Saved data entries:
lemma Vc_subset_diagv_Vq:
  assumes "density \<rho>" and "0 < eps"
  shows "Vc (eps\<^sup>2 / 4) (diagv \<rho>) \<subseteq> diagv ` Vq eps \<rho>"
proof
  fix q assume "q \<in> Vc (eps\<^sup>2 / 4) (diagv \<rho>)"
  then obtain I where I: "0 < (\<Sum>i\<in>I. diagv \<rho> $ i)" and q: "q = cond_dist (diagv \<rho>) I"
    and dist: "(\<Sum>i\<in>UNIV. \<bar>q $ i - diagv \<rho> $ i\<bar>) \<le> eps\<^sup>2 / 4"
    by (auto simp: Vc_eq)
  define t where "t = (\<Sum>i\<in>I. diagv \<rho> $ i)"
  have "8 * (1 - t) \<le> eps\<^sup>2"
    using dist sum_abs_diff_cond_dist[OF density_diag(2)[OF assms(1)] density_sum_diag[OF assms(1)] t_def]
      I by (simp add: q t_def)
  hence "min 2 (2 * (1 - t) + 2 * (sqrt t * sqrt (1 - t))) \<le> eps"
    using gentle_measurement_bound_le density_sum_diag_le_1[OF assms(1)] I assms(2) by (simp add: t_def)
  hence "trace_norm (post_meas \<rho> I - \<rho>) \<le> eps"
    using trace_norm_post_meas_diff_le[OF assms(1) t_def] I unfolding t_def by linarith
  hence "post_meas \<rho> I \<in> Vq eps \<rho>"
    using I by (simp add: Vq_eq density_mtrace_mult_proj[OF assms(1)])
  thus "q \<in> diagv ` Vq eps \<rho>"
    using diagv_post_meas[OF assms(1), of I] q by (metis image_eqI)
qed

lemma diagv_mem_Vc: "density \<rho> \<Longrightarrow> 0 \<le> e \<Longrightarrow> diagv \<rho> \<in> Vc e (diagv \<rho>)"
  by (auto simp: Vc_def density_sum_diag intro!: exI[of _ UNIV] simp: vec_eq_iff)

lemma finite_Vq: "finite (Vq eps \<rho>)"
  by (rule finite_subset[of _ "range (post_meas \<rho>)"]) (auto simp: Vq_eq)

lemma finite_Vc: "finite (Vc eps p)"
  by (rule finite_subset[of _ "range (cond_dist p)"]) (auto simp: Vc_eq)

## Exercise details
Which lines in the data above hold the string "where"? Return each of them.

## Response to this exercise
  then obtain I where I: "0 < (\<Sum>i\<in>I. diagv \<rho> $ i)" and q: "q = cond_dist (diagv \<rho>) I"
  define t where "t = (\<Sum>i\<in>I. diagv \<rho> $ i)"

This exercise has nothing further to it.